## Extracted data
________________

(* Let $\mathfrak{g} = \mathfrak{X}(S^1)\ltimes Lb$ and let $\widehat{\mathfrak{g}} = \mathfrak{g}\oplus\mathbb{R}$ be its central extension by the 2-cocycle $c = \lambda_1 c_1 + \lambda_2 c_2 + \lambda_3 c_3$ (notation as in the context), where $\lambda_1,\lambda_2,\lambda_3\in\mathbb{R}$ satisfy $\frac{\lambda_1}{4} + \lambda_2 - 2\lambda_3 = 0$. Fix $a\in\mathbb{R}$ and define the linear functional $(\eta,a)\in\widehat{\mathfrak{g}}^*$ by $$\left\langle(\eta, a),\left(g\partial, \begin{pmatrix} x & y\\ 0 & -x\end{pmatrix}, t\right)\right\rangle = \int_{S^1} y\, d\theta + a t .$$ Let $\mathfrak{g}_{(\eta,a)} = \{X\in\mathfrak{g} : \langle(\eta,a),[(Y,0),(X,0)]_{\widehat{\mathfrak{g}}}\rangle = 0 \text{ for all } Y\in\mathfrak{g}\}$ be the stabiliser of $(\eta,a)$ under the coadjoint action, and let $\mathfrak{h} = Lb$, viewed as the ideal $\{(0,b): b\in Lb\}$ of $\mathfrak{g}$. Then $\mathfrak{g} = \mathfrak{g}_{(\eta,a)}\oplus\mathfrak{h}$ as vector spaces, i.e. $\mathfrak{g}_{(\eta,a)}\cap\mathfrak{h} = \{0\}$ and $\mathfrak{g}_{(\eta,a)}+\mathfrak{h} = \mathfrak{g}$.
   Context: All functions are smooth and $2\pi$-periodic in $\theta$; $'$ denotes $d/d\theta$. $\mathfrak{X}(S^1) = \{f\partial : f\in C^\infty(S^1)\}$ with bracket $[f\partial, g\partial] = (fg' - f'g)\partial$. $Lb$ is the Lie algebra of smooth maps $S^1\to\left\{\begin{pmatrix} x & y\\ 0 & -x\end{pmatrix} : x,y\in\mathbb{R}\right\}$ with pointwise matrix commutator. The Lie algebra $\mathfrak{g} = \mathfrak{X}(S^1)\ltimes Lb$ and its central extension $\widehat{\mathfrak{g}} = \mathfrak{X}(S^1)\ltimes Lb\oplus\mathbb{R}$ have bracket $$[(f\partial, b, \delta_1), (g\partial, d, \delta_2)] = \big([f\partial, g\partial],\ [d, b] + f d' - g b',\ c((f\partial, b), (g\partial, d))\big),$$ where for $b_i = \begin{pmatrix} x_i & y_i\\ 0 & -x_i\end{pmatrix}$ the cocycles are $c_1((f_1\partial,b_1),(f_2\partial,b_2)) = \int_{S^1} x_1 x_2'\,d\theta$, $c_2((f_1\partial,b_1),(f_2\partial,b_2)) = \int_{S^1}(f_1'' x_2 - f_2'' x_1)\,d\theta$, $c_3((f_1\partial,b_1),(f_2\partial,b_2)) = \int_{S^1}(f_1'' f_2' - f_1' f_2'')\,d\theta$. *)

theory Defs
  imports "HOL-Analysis.Analysis"
begin

definition smooth_per :: "(real \<Rightarrow> real) \<Rightarrow> bool" where
  "smooth_per f \<longleftrightarrow> (\<forall>n x. ((deriv ^^ n) f) differentiable (at x)) \<and> (\<forall>t. f (t + 2*pi) = f t)"

text \<open>An element (f, x, y) of g stands for (f d/dtheta, matrix [[x, y], [0, -x]]).\<close>
type_synonym gel = "(real \<Rightarrow> real) \<times> (real \<Rightarrow> real) \<times> (real \<Rightarrow> real)"

definition gcar :: "gel set" where
  "gcar = {(f, x, y). smooth_per f \<and> smooth_per x \<and> smooth_per y}"

definition gzero :: gel where
  "gzero = ((\<lambda>_. 0), (\<lambda>_. 0), (\<lambda>_. 0))"

definition gadd :: "gel \<Rightarrow> gel \<Rightarrow> gel" where
  "gadd u v = (\<lambda>t. fst u t + fst v t, \<lambda>t. fst (snd u) t + fst (snd v) t,
               \<lambda>t. snd (snd u) t + snd (snd v) t)"

definition hcar :: "gel set" where
  "hcar = {(f, x, y). (\<forall>t. f t = 0) \<and> smooth_per x \<and> smooth_per y}"

definition S1int :: "(real \<Rightarrow> real) \<Rightarrow> real" where
  "S1int f = integral {0..2*pi} f"

text \<open>Bracket of g: [(f1,b1),(f2,b2)] = ([f1,f2], [b2,b1] + f1 b2' - f2 b1').
  For b_i = [[x_i,y_i],[0,-x_i]], [b2,b1] = b2 b1 - b1 b2 = [[0, 2(x2 y1 - x1 y2)],[0,0]].\<close>
definition gbracket :: "gel \<Rightarrow> gel \<Rightarrow> gel" where
  "gbracket u v = (case u of (f1, x1, y1) \<Rightarrow> case v of (f2, x2, y2) \<Rightarrow>
     (\<lambda>t. f1 t * deriv f2 t - deriv f1 t * f2 t,
      \<lambda>t. f1 t * deriv x2 t - f2 t * deriv x1 t,
      \<lambda>t. 2 * (x2 t * y1 t - x1 t * y2 t) + f1 t * deriv y2 t - f2 t * deriv y1 t))"

definition cocycle1 :: "gel \<Rightarrow> gel \<Rightarrow> real" where
  "cocycle1 u v = (case u of (f1, x1, y1) \<Rightarrow> case v of (f2, x2, y2) \<Rightarrow>
     S1int (\<lambda>t. x1 t * deriv x2 t))"

definition cocycle2 :: "gel \<Rightarrow> gel \<Rightarrow> real" where
  "cocycle2 u v = (case u of (f1, x1, y1) \<Rightarrow> case v of (f2, x2, y2) \<Rightarrow>
     S1int (\<lambda>t. deriv (deriv f1) t * x2 t - deriv (deriv f2) t * x1 t))"

definition cocycle3 :: "gel \<Rightarrow> gel \<Rightarrow> real" where
  "cocycle3 u v = (case u of (f1, x1, y1) \<Rightarrow> case v of (f2, x2, y2) \<Rightarrow>
     S1int (\<lambda>t. deriv (deriv f1) t * deriv f2 t - deriv f1 t * deriv (deriv f2) t))"

definition cocycle :: "real \<Rightarrow> real \<Rightarrow> real \<Rightarrow> gel \<Rightarrow> gel \<Rightarrow> real" where
  "cocycle l1 l2 l3 u v = l1 * cocycle1 u v + l2 * cocycle2 u v + l3 * cocycle3 u v"

definition ghat_bracket :: "real \<Rightarrow> real \<Rightarrow> real \<Rightarrow> gel \<times> real \<Rightarrow> gel \<times> real \<Rightarrow> gel \<times> real" where
  "ghat_bracket l1 l2 l3 U V = (gbracket (fst U) (fst V), cocycle l1 l2 l3 (fst U) (fst V))"

definition eta_pair :: "real \<Rightarrow> gel \<times> real \<Rightarrow> real" where
  "eta_pair a U = S1int (snd (snd (fst U))) + a * snd U"

definition stabiliser :: "real \<Rightarrow> real \<Rightarrow> real \<Rightarrow> real \<Rightarrow> gel set" where
  "stabiliser l1 l2 l3 a = {X \<in> gcar. \<forall>Y \<in> gcar.
      eta_pair a (ghat_bracket l1 l2 l3 (Y, 0) (X, 0)) = 0}"

end

theory Submission
  imports Defs "HOL-Library.Periodic_Fun"
begin

text \<open>
  Pairing an element (0, x, y) of \<open>\<h>\<close> with (0, 0, x) and with (0, y, 0) gives
  \<open>2 \<integral> x\<^sup>2\<close> and \<open>-2 \<integral> y\<^sup>2\<close>, so only 0 of \<open>\<h>\<close> stabilises (\<open>\<eta>\<close>, a).
  Conversely, for every vector field \<open>f \<partial>\<close> the element
  \<open>X\<^sub>f = (f, -f'/2, a (\<lambda>\<^sub>2/2 - 2\<lambda>\<^sub>3) f'')\<close> is in the stabiliser: its pairing with
  any (g, u, v) is the integral over the circle of the derivative of a periodic function, plus
  a multiple of \<open>(\<lambda>\<^sub>1/4 + \<lambda>\<^sub>2 - 2\<lambda>\<^sub>3) \<integral> u f''\<close>, which the hypothesis kills.
  Hence \<open>(f, x, y) = X\<^sub>f + (0, x + f'/2, y - a (\<lambda>\<^sub>2/2 - 2\<lambda>\<^sub>3) f'')\<close>.
\<close>

lemma periodic_value_in_period:
  fixes h :: "real \<Rightarrow> 'a"
  assumes "\<And>t. h (t + p) = h t" and "p > 0"
  shows "\<exists>s\<in>{0..<p}. h t = h s"
proof
  interpret periodic_fun_simple h p
    by unfold_locales (fact assms(1))
  define s where "s = t - of_int \<lfloor>t / p\<rfloor> * p"
  show "h t = h s"
    unfolding s_def by (rule minus_of_int[symmetric])
  have "of_int \<lfloor>t / p\<rfloor> * p \<le> t" "t < (of_int \<lfloor>t / p\<rfloor> + 1) * p"
    using floor_divide_lower floor_divide_upper assms(2) by blast+
  then show "s \<in> {0..<p}"
    unfolding s_def by (simp add: algebra_simps)
qed

lemma smooth_per_higher_differentiable: "smooth_per f \<Longrightarrow> (deriv ^^ n) f differentiable (at t)"
  unfolding smooth_per_def by blast

lemma smooth_per_has_derivative: "smooth_per f \<Longrightarrow> (f has_real_derivative deriv f t) (at t)"
  using smooth_per_higher_differentiable[of f 0] DERIV_deriv_iff_real_differentiable by simp

lemma smooth_per_continuous_on: "smooth_per f \<Longrightarrow> continuous_on S f"
  by (meson DERIV_isCont continuous_at_imp_continuous_on smooth_per_has_derivative)

lemma smooth_per_periodic: "smooth_per f \<Longrightarrow> f (t + 2*pi) = f t"
  unfolding smooth_per_def by blast

lemma smooth_per_const: "smooth_per (\<lambda>_. c)"
proof -
  have "\<exists>k. (deriv ^^ n) (\<lambda>_::real. c) = (\<lambda>_. k)" for n
    by (induction n) auto
  then show ?thesis
    unfolding smooth_per_def by (metis differentiable_const)
qed

lemma smooth_per_deriv:
  assumes "smooth_per f"
  shows "smooth_per (deriv f)"
proof -
  have "(deriv ^^ n) (deriv f) = (deriv ^^ Suc n) f" for n
    by (metis funpow_Suc_right comp_apply)
  then have "(deriv ^^ n) (deriv f) differentiable (at t)" for n t
    using smooth_per_higher_differentiable[OF assms] by metis
  moreover have "deriv f (t + 2*pi) = deriv f t" for t
  proof -
    have "((\<lambda>s. f (s + 2*pi)) has_real_derivative deriv f (t + 2*pi)) (at t)"
      using DERIV_shift smooth_per_has_derivative[OF assms] by blast
    moreover have "(\<lambda>s. f (s + 2*pi)) = f"
      using smooth_per_periodic[OF assms] by auto
    ultimately show ?thesis
      using DERIV_unique smooth_per_has_derivative[OF assms] by metis
  qed
  ultimately show ?thesis
    unfolding smooth_per_def by blast
qed

lemma higher_deriv_lincomb:
  fixes h g :: "real \<Rightarrow> real"
  assumes "\<And>n t. (deriv ^^ n) h differentiable (at t)" "\<And>n t. (deriv ^^ n) g differentiable (at t)"
  shows "(deriv ^^ n) (\<lambda>t. c * h t + g t) = (\<lambda>t. c * (deriv ^^ n) h t + (deriv ^^ n) g t)"
proof (induction n)
  case (Suc n)
  have "deriv (\<lambda>t. c * (deriv ^^ n) h t + (deriv ^^ n) g t) t
      = c * (deriv ^^ Suc n) h t + (deriv ^^ Suc n) g t" for t
    using assms[of n t] unfolding DERIV_deriv_iff_real_differentiable[symmetric]
    by (auto intro!: DERIV_imp_deriv derivative_eq_intros)
  with Suc show ?case
    by auto
qed simp

lemma smooth_per_lincomb:
  assumes "smooth_per h" "smooth_per g"
  shows "smooth_per (\<lambda>t. c * h t + g t)"
  using assms higher_deriv_lincomb[of h g]
  unfolding smooth_per_def by (auto intro!: derivative_intros)

lemma smooth_per_add: "smooth_per h \<Longrightarrow> smooth_per g \<Longrightarrow> smooth_per (\<lambda>t. h t + g t)"
  using smooth_per_lincomb[of h g 1] by simp

lemma smooth_per_cmult: "smooth_per h \<Longrightarrow> smooth_per (\<lambda>t. c * h t)"
  using smooth_per_lincomb[OF _ smooth_per_const, of h c 0] by simp

lemma smooth_per_eq_0_if_eq_0_on_period:
  assumes "smooth_per x" "\<And>t. t \<in> {0..2*pi} \<Longrightarrow> x t = 0"
  shows "x = (\<lambda>_. 0)"
proof
  fix t
  obtain s where "s \<in> {0..<2*pi}" "x t = x s"
    using periodic_value_in_period[of x "2*pi" t] smooth_per_periodic[OF assms(1)] by auto
  then show "x t = 0"
    using assms(2) by simp
qed

lemma S1int_derivative:
  assumes "\<And>t. (F has_real_derivative F' t) (at t)"
  shows "S1int F' = F (2*pi) - F 0"
  unfolding S1int_def
  by (intro integral_unique fundamental_theorem_of_calculus)
    (auto simp: has_real_derivative_iff_has_vector_derivative[symmetric]
      intro: DERIV_subset assms)

lemma smooth_per_eq_0_if_S1int_square_eq_0:
  assumes "smooth_per x" "S1int (\<lambda>t. x t * x t) = 0"
  shows "x = (\<lambda>_. 0)"
proof (rule smooth_per_eq_0_if_eq_0_on_period[OF assms(1)])
  fix t :: real
  assume "t \<in> {0..2*pi}"
  moreover have "continuous_on (cbox 0 (2*pi)) (\<lambda>t. x t * x t)"
    using smooth_per_continuous_on[OF assms(1)] by (auto intro!: continuous_intros)
  ultimately show "x t = 0"
    using assms(2) integral_cbox_eq_0_iff[of 0 "2*pi" "\<lambda>t. x t * x t"] pi_gt_zero
    by (auto simp: S1int_def)
qed

lemma has_integral_S1int: "continuous_on {0..2*pi} h \<Longrightarrow> (h has_integral S1int h) {0..2*pi}"
  unfolding S1int_def using integrable_continuous_interval integrable_integral by blast

lemma deriv_cmult_of_smooth_per: "smooth_per h \<Longrightarrow> deriv (\<lambda>t. c * h t) = (\<lambda>t. c * deriv h t)"
  by (auto intro!: DERIV_imp_deriv derivative_eq_intros smooth_per_has_derivative)

lemma stabiliser_subset_gcar: "stabiliser l1 l2 l3 a \<subseteq> gcar"
  unfolding stabiliser_def by blast

lemma hcar_subset_gcar: "hcar \<subseteq> gcar"
proof
  fix H assume "H \<in> hcar"
  then obtain f x y where H: "H = (f, x, y)" and "\<And>t. f t = 0"
    and "smooth_per x" "smooth_per y"
    by (auto simp: hcar_def)
  moreover from \<open>\<And>t. f t = 0\<close> have "f = (\<lambda>_. 0)"
    by auto
  ultimately show "H \<in> gcar"
    using smooth_per_const by (simp add: gcar_def)
qed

________________

## Exercise objective
Scan the entries above for the line containing "a multiple of", and copy it and all lines after it exactly, down to and including the line containing "Hence \<open>(f, x, y)".

## Answer area
  a multiple of \<open>(\<lambda>\<^sub>1/4 + \<lambda>\<^sub>2 - 2\<lambda>\<^sub>3) \<integral> u f''\<close>, which the hypothesis kills.
  Hence \<open>(f, x, y) = X\<^sub>f + (0, x + f'/2, y - a (\<lambda>\<^sub>2/2 - 2\<lambda>\<^sub>3) f'')\<close>.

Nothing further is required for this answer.